Big sixth-century find in Jerusalem, says Israel National News:

The most extensive remains are those of a Roman-Byzantine colonnaded street — the Eastern Cardo. Included in that area is a covered stoa, a row of shops and several artifacts.

The street appears on a 6th century map known as the Medaba Map and is known as the Eastern Cardo or the Valley Cardo. The lavish colonnaded street began at the Damascus Gate in the north and led south, running the length of the channel in the Tyropoeon Valley. Sections of this street were revealed in the past in the northern part of the Old City, at a depth of about four meters (12 feet) below the pavement. The full eleven-meter (33 foot) width of the original road was exposed in the present excavation for the first time.

There’s more detail in The Jerusalem Post, too.

3 thoughts on “Unearthing Jerusalem

  1. This appearance of these traces of salvation history at this moment in time is almost prophetic when you consider this quote from the news you posted:

    “Current plans for the partition wall will leave Solomon’s Pools outside the area of Jewish sovereignty.”
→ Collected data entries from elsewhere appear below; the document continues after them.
definition induced_cycle :: "'a set \<Rightarrow> 'a set set \<Rightarrow> 'a list \<Rightarrow> bool" where
  "induced_cycle V E cs \<longleftrightarrow> length cs \<ge> 3 \<and> distinct cs \<and> set cs \<subseteq> V \<and>
     (\<forall>i < length cs. \<forall>j < length cs.
        adj E (cs ! i) (cs ! j) \<longleftrightarrow>
          (j = Suc i mod length cs \<or> i = Suc j mod length cs))"

definition chordal :: "'a set \<Rightarrow> 'a set set \<Rightarrow> bool" where
  "chordal V E \<longleftrightarrow> \<not> (\<exists>cs. induced_cycle V E cs \<and> length cs \<ge> 4)"

definition vertex_order :: "'a set \<Rightarrow> 'a list \<Rightarrow> bool" where
  "vertex_order V vs \<longleftrightarrow> distinct vs \<and> set vs = V"

definition perfect_elim_order :: "'a set \<Rightarrow> 'a set set \<Rightarrow> 'a list \<Rightarrow> bool" where
  "perfect_elim_order V E vs \<longleftrightarrow> vertex_order V vs \<and>
     (\<forall>i j k. i < length vs \<and> j < length vs \<and> k < length vs \<and> i < j \<and> i < k \<and>
        adj E (vs ! i) (vs ! j) \<and> adj E (vs ! i) (vs ! k) \<and> j \<noteq> k \<longrightarrow>
        adj E (vs ! j) (vs ! k))"

definition strong_elim_order :: "'a set \<Rightarrow> 'a set set \<Rightarrow> 'a list \<Rightarrow> bool" where
  "strong_elim_order V E vs \<longleftrightarrow> perfect_elim_order V E vs \<and>
     (\<forall>i j k l. i < length vs \<and> j < length vs \<and> k < length vs \<and> l < length vs \<and>
        i < k \<and> k < l \<and> i < j \<and>
        adj E (vs ! i) (vs ! k) \<and> adj E (vs ! k) (vs ! j) \<and> adj E (vs ! i) (vs ! l) \<and> j \<noteq> l \<longrightarrow>
        adj E (vs ! j) (vs ! l))"

definition strongly_chordal :: "'a set \<Rightarrow> 'a set set \<Rightarrow> bool" where
  "strongly_chordal V E \<longleftrightarrow> (\<exists>vs. strong_elim_order V E vs)"

definition clique :: "'a set \<Rightarrow> 'a set set \<Rightarrow> 'a set \<Rightarrow> bool" where
  "clique V E K \<longleftrightarrow> K \<subseteq> V \<and> (\<forall>u\<in>K. \<forall>v\<in>K. u \<noteq> v \<longrightarrow> adj E u v)"

definition maximal_clique :: "'a set \<Rightarrow> 'a set set \<Rightarrow> 'a set \<Rightarrow> bool" where
  "maximal_clique V E K \<longleftrightarrow> clique V E K \<and> (\<forall>K'. clique V E K' \<and> K \<subseteq> K' \<longrightarrow> K' = K)"

definition simplicial_edge :: "'a set \<Rightarrow> 'a set set \<Rightarrow> 'a set \<Rightarrow> bool" where
  "simplicial_edge V E e \<longleftrightarrow> e \<in> E \<and> (\<exists>!K. maximal_clique V E K \<and> e \<subseteq> K) \<and>
     chordal V (E - {e})"

definition claw_free :: "'a set \<Rightarrow> 'a set set \<Rightarrow> bool" where
  "claw_free V E \<longleftrightarrow> \<not> (\<exists>c x y z. c \<in> V \<and> x \<in> V \<and> y \<in> V \<and> z \<in> V \<and>
      distinct [c, x, y, z] \<and> adj E c x \<and> adj E c y \<and> adj E c z \<and>
      \<not> adj E x y \<and> \<not> adj E x z \<and> \<not> adj E y z)"

end

(* Take a strong elimination order, let v be its first vertex having a neighbour and w the last
   neighbour of v in the order, and delete e = vw.  All vertices before v are isolated, so v can
   only occur as the first vertex of the configurations constrained by the (strong) elimination
   condition; hence the order stays a strong elimination order of G - e, which is therefore
   strongly chordal and chordal.  Since v is simplicial, its closed neighbourhood is the unique
   maximal clique containing e.  Finally, the strong condition at v forces every vertex at distance
   two from v to be adjacent to w; a claw of G - e that is not a claw of G has v and w as two of
   its leaves, so its third leaf would be adjacent to w. *)

theory Submission
  imports Defs
begin

lemma adj_commute: "adj E u v \<longleftrightarrow> adj E v u"
  unfolding adj_def by (simp add: insert_commute)

lemma adj_irrefl: "sgraph V E \<Longrightarrow> \<not> adj E u u"
  unfolding adj_def sgraph_def by (metis doubleton_eq_iff insert_absorb2)

lemma adj_in_V: "sgraph V E \<Longrightarrow> adj E u v \<Longrightarrow> u \<in> V \<and> v \<in> V"
  unfolding adj_def sgraph_def by (metis doubleton_eq_iff)

lemma adj_Diff_singleton: "adj (E - {e}) u v \<longleftrightarrow> adj E u v \<and> {u, v} \<noteq> e"
  unfolding adj_def by auto

lemma induced_cycle_nonadjacent_neighbours:
  assumes cyc: "induced_cycle V E cs" and long: "4 \<le> length cs" and p: "p < length cs"
  obtains x y where "x \<in> set cs" "y \<in> set cs" "x \<noteq> y" "x \<noteq> cs ! p" "y \<noteq> cs ! p"
    "adj E (cs ! p) x" "adj E (cs ! p) y" "\<not> adj E x y"
proof -
  define m where "m = length cs"
  define succ where "succ q = (if Suc q = m then 0 else Suc q)" for q
  define pred where "pred q = (if q = 0 then m - 1 else q - 1)" for q
  have adj_iff: "adj E (cs ! a) (cs ! b) \<longleftrightarrow> b = succ a \<or> a = succ b" if "a < m" "b < m" for a b
    using cyc that unfolding induced_cycle_def m_def succ_def by (simp add: mod_Suc)
  have "m \<ge> 4" "p < m" using long p by (simp_all add: m_def)
  then have "pred p < m" "succ p < m" "pred p \<noteq> succ p" "succ (pred p) = p"
    "succ p \<noteq> succ (pred p)" "pred p \<noteq> succ (succ p)" "succ p \<noteq> p" "pred p \<noteq> p"
    unfolding succ_def pred_def by auto
  moreover have "distinct cs" using cyc unfolding induced_cycle_def by simp
  ultimately show thesis
    using that[of "cs ! pred p" "cs ! succ p"] adj_iff \<open>p < m\<close>
    by (auto simp: m_def nth_eq_iff_index_eq)
qed

lemma vertex_order_obtain_index:
  assumes "vertex_order V vs" "v \<in> V"
  obtains j where "j < length vs" "vs ! j = v"
  using assms unfolding vertex_order_def by (metis in_set_conv_nth)

lemma vertex_order_first_in:
  assumes "vertex_order V vs" "S \<subseteq> V" "S \<noteq> {}"
  obtains i where "i < length vs" "vs ! i \<in> S" "\<And>j. j < length vs \<Longrightarrow> vs ! j \<in> S \<Longrightarrow> i \<le> j"
proof -
  obtain v where "v \<in> S" using assms(3) by blast
  then obtain k where "k < length vs \<and> vs ! k \<in> S"
    using vertex_order_obtain_index[OF assms(1)] assms(2) by blast
  define i where "i = (LEAST i. i < length vs \<and> vs ! i \<in> S)"
  have "i < length vs \<and> vs ! i \<in> S"
    unfolding i_def by (rule LeastI) fact
  moreover have "i \<le> j" if "j < length vs" "vs ! j \<in> S" for j
    unfolding i_def using that by (intro Least_le) blast
  ultimately show thesis using that by blast
qed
    Leaving aside the question of sovereignty in the Holy Land, a touchy subject to be sure, we should perhaps reflect that the flow, the “channel of peace,” signified by these ancient sacred waterways, has been interrupted… physically and metaphysically speaking. The beautiful icon of the Annunciation at the Panagia of Kykkos in Cyprus (3D panaromic view here :
    http://cyprus.arounder.com/category/fullscreen/CY000006241.html )
    depicts an upper reservoir flowing down into a lower pool – representing Mary as a vessel full of grace, the sacred waterway fulfilling the promises of the Old Covenant at the dawn of the New, a sacred model for us in Christ’s Church, the temple foreseen by Jeremiah and revealed to John on Mt Patmos. Think about it, the pools are at Bethlehem, our Lord’s place of birth…

  2. foreseen by Ezekiel of course, my bad!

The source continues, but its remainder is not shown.